Write out the data once more, exactly as it reads.

[Stored records]
::::

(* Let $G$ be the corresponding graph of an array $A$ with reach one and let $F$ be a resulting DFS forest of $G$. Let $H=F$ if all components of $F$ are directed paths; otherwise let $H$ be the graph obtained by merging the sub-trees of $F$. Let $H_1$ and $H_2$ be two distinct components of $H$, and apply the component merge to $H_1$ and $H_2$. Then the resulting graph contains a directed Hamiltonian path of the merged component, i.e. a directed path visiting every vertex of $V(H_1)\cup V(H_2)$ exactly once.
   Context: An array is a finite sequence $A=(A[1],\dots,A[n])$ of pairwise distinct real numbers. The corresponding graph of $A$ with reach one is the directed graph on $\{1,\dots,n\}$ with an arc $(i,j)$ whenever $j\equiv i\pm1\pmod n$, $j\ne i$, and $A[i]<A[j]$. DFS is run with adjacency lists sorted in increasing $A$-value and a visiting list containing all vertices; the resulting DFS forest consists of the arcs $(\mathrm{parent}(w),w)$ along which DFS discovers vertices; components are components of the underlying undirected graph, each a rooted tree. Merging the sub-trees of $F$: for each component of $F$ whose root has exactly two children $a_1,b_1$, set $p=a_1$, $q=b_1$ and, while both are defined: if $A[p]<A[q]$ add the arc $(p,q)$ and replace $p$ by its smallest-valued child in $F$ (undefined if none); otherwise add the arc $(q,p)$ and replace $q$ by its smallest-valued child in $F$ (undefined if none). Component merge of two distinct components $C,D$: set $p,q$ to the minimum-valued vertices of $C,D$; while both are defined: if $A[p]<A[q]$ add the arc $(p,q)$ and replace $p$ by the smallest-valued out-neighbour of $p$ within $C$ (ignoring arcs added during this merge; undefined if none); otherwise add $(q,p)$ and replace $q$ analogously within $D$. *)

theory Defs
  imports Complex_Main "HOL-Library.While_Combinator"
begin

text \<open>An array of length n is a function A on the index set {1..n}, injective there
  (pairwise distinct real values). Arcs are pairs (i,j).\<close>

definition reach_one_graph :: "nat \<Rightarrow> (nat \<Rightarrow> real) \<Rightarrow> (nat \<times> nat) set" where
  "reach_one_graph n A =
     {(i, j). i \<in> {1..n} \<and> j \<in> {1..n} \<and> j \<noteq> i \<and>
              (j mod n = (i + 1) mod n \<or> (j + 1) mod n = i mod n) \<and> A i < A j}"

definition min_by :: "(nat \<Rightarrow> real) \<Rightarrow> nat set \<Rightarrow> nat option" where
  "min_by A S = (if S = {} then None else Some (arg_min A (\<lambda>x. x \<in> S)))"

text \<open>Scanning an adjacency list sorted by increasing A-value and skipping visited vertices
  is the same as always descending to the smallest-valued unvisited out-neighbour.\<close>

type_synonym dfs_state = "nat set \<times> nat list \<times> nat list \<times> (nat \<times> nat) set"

::::

Reply to the exercise:
(* Let $G$ be the corresponding graph of an array $A$ with reach one and let $F$ be a resulting DFS forest of $G$. Let $H=F$ if all components of $F$ are directed paths; otherwise let $H$ be the graph obtained by merging the sub-trees of $F$. Let $H_1$ and $H_2$ be two distinct components of $H$, and apply the component merge to $H_1$ and $H_2$. Then the resulting graph contains a directed Hamiltonian path of the merged component, i.e. a directed path visiting every vertex of $V(H_1)\cup V(H_2)$ exactly once.
   Context: An array is a finite sequence $A=(A[1],\dots,A[n])$ of pairwise distinct real numbers. The corresponding graph of $A$ with reach one is the directed graph on $\{1,\dots,n\}$ with an arc $(i,j)$ whenever $j\equiv i\pm1\pmod n$, $j\ne i$, and $A[i]<A[j]$. DFS is run with adjacency lists sorted in increasing $A$-value and a visiting list containing all vertices; the resulting DFS forest consists of the arcs $(\mathrm{parent}(w),w)$ along which DFS discovers vertices; components are components of the underlying undirected graph, each a rooted tree. Merging the sub-trees of $F$: for each component of $F$ whose root has exactly two children $a_1,b_1$, set $p=a_1$, $q=b_1$ and, while both are defined: if $A[p]<A[q]$ add the arc $(p,q)$ and replace $p$ by its smallest-valued child in $F$ (undefined if none); otherwise add the arc $(q,p)$ and replace $q$ by its smallest-valued child in $F$ (undefined if none). Component merge of two distinct components $C,D$: set $p,q$ to the minimum-valued vertices of $C,D$; while both are defined: if $A[p]<A[q]$ add the arc $(p,q)$ and replace $p$ by the smallest-valued out-neighbour of $p$ within $C$ (ignoring arcs added during this merge; undefined if none); otherwise add $(q,p)$ and replace $q$ analogously within $D$. *)

theory Defs
  imports Complex_Main "HOL-Library.While_Combinator"
begin

text \<open>An array of length n is a function A on the index set {1..n}, injective there
  (pairwise distinct real values). Arcs are pairs (i,j).\<close>

definition reach_one_graph :: "nat \<Rightarrow> (nat \<Rightarrow> real) \<Rightarrow> (nat \<times> nat) set" where
  "reach_one_graph n A =
     {(i, j). i \<in> {1..n} \<and> j \<in> {1..n} \<and> j \<noteq> i \<and>
              (j mod n = (i + 1) mod n \<or> (j + 1) mod n = i mod n) \<and> A i < A j}"

definition min_by :: "(nat \<Rightarrow> real) \<Rightarrow> nat set \<Rightarrow> nat option" where
  "min_by A S = (if S = {} then None else Some (arg_min A (\<lambda>x. x \<in> S)))"

text \<open>Scanning an adjacency list sorted by increasing A-value and skipping visited vertices
  is the same as always descending to the smallest-valued unvisited out-neighbour.\<close>

type_synonym dfs_state = "nat set \<times> nat list \<times> nat list \<times> (nat \<times> nat) set"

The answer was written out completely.